Computational Commutative Algebra and Combinatorics
The study of algebraic combinatorics on convex polytopes as well as of computational commutative algebra for monomials and binomials has been developed mainly by using Gröbner bases as a basic tool. In a word, a Gröbner basis is a finite set of polynomials with remarkable algebraic properties. The theory and computation of Gröbner bases have greatly contributed toward the research on computational aspect of commutative algebra and algebraic geometry, and have promoted the development of a wide variety of software syatems. Moreover, beyond the scope of pure mathematics, it turns out that Gröbner bases bring a profound impact on the application to statistics.
A convex polytope is a high-dimensional version of building blocks, such as the triangular prism, the triangular pyramid, or the cube. The algebraic combinatorics on convex polytopes is a field of research of counting the number of faces of a convex polytope and that of lattice points belonging to a convex polytope by using abstract algebra, in particular the modern theory of commutative algebra.

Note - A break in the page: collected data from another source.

lemma solves_eq_diag2_cos_mode:
  fixes \<kappa> a :: real and g :: "real \<Rightarrow> real"
  assumes "0 \<le> a"
  shows "solves_eq (\<lambda>p. diag2 a (g (p$3))) (\<lambda>p. cos (\<kappa> * p$1) * exp (- \<kappa> * sqrt a * p$3))"
proof -
  define \<mu> where "\<mu> = - \<kappa> * sqrt a"
  define u where "u = cos_mode \<kappa> \<mu>"
  have u_eq: "(\<lambda>p. cos (\<kappa> * p$1) * exp (- \<kappa> * sqrt a * p$3)) = u"
    by (simp add: u_def \<mu>_def cos_mode_def[abs_def])
  have mode_diff: "cos_mode \<kappa> \<mu> differentiable (at p)" "sin_mode \<kappa> \<mu> differentiable (at p)" for p
    using cos_mode_has_derivative sin_mode_has_derivative unfolding differentiable_def by blast+
  have ut: "pd 3 u = (\<lambda>q. \<mu> * u q)"
    by (simp add: u_def pd_cos_mode fun_eq_iff)
  have flux: "(\<lambda>q. diag2 a (g (q$3)) $ i $ 1 * pd 1 u q + diag2 a (g (q$3)) $ i $ 2 * pd 2 u q)
      = (\<lambda>q. (if i = 1 then - a * \<kappa> else 0) * sin_mode \<kappa> \<mu> q)" for i
    by (auto simp: u_def pd_cos_mode diag2_def fun_eq_iff)
  have pd_flux: "pd k (\<lambda>q. c * sin_mode \<kappa> \<mu> q) p = c * pd k (sin_mode \<kappa> \<mu>) p" for k c p
    using mode_diff by (intro pd_cmult) simp
  have "pd 3 (pd 3 u) p + pd 1 (\<lambda>q. (if (1::2) = 1 then - a * \<kappa> else 0) * sin_mode \<kappa> \<mu> q) p
      + pd 2 (\<lambda>q. (if (2::2) = 1 then - a * \<kappa> else 0) * sin_mode \<kappa> \<mu> q) p
      = (\<mu>^2 - a * \<kappa>^2) * u p" for p
    unfolding ut pd_flux
    by (simp add: pd_cmult mode_diff u_def pd_cos_mode pd_sin_mode algebra_simps power2_eq_square)
  moreover have "\<mu>^2 = a * \<kappa>^2"
    using assms by (simp add: \<mu>_def power_mult_distrib)
  ultimately show ?thesis
    unfolding solves_eq_def u_eq flux ut
    using mode_diff by (simp add: u_def differentiable_mult)
qed

theorem mainTheorem10:
  fixes k :: nat and a b t1 C :: real
  assumes "k \<ge> 1"
    and "1/10 < a" "a < 10" "1/10 < b" "b < 10"
    and "t1 \<ge> 0" and "C > 0"
  shows "\<exists>A :: real^3 \<Rightarrow> real^2^2.
           torus_periodic A \<and>
           (\<forall>p. p$3 \<le> t1 \<longrightarrow> A p = diag2 a a) \<and>
           (\<forall>p. p$3 \<ge> t1 + C \<longrightarrow> A p = diag2 a b) \<and>
           reg_class 10 (10 * sqrt pi / C) A \<and>
           solves_eq A (\<lambda>p. cos (real k * p$1) * exp (- real k * sqrt a * p$3))"
proof -
  let ?A = "\<lambda>p. diag2 a (transition a b t1 C (p$3))"
  have "(3/2::real) \<le> sqrt 3" by (rule real_le_rsqrt) (simp add: power2_eq_square)
  also have "\<dots> \<le> sqrt pi" using pi_gt3 by simp
  finally have "\<bar>b - a\<bar> * (3/2) / C \<le> 10 * sqrt pi / C"
    using assms by (intro divide_right_mono mult_mono) auto
  then have "reg_class 10 (10 * sqrt pi / C) ?A"
    using assms
    by (intro reg_class_diag2_vertical[where g' = "transition_deriv a b t1 C"]
        transition_has_field_derivative
        continuous_on_transition_deriv transition_between order_trans[OF abs_transition_deriv_le])
      auto
  moreover have "solves_eq ?A (\<lambda>p. cos (real k * p$1) * exp (- real k * sqrt a * p$3))"
    using assms by (intro solves_eq_diag2_cos_mode) auto
  ultimately show ?thesis
    using assms
    by (intro exI[of _ ?A] conjI torus_periodic_vertical allI impI)
      (simp_all add: transition_before transition_after)
qed

end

An expository book on this field is my book "Commutative Algebra and Combinatorics" (in Japanese), Springer Tokyo, 1995. When we employ Gröbner bases in algebraic combinatorics, the exploration of ideals generated by monomials and ideals generated by binomials is essential. The recent development of monomial ideals is discussed in detail in the textbook by J. Herzog and T. Hibi, "Monomial Ideals," GTM 260, Springer, 2011.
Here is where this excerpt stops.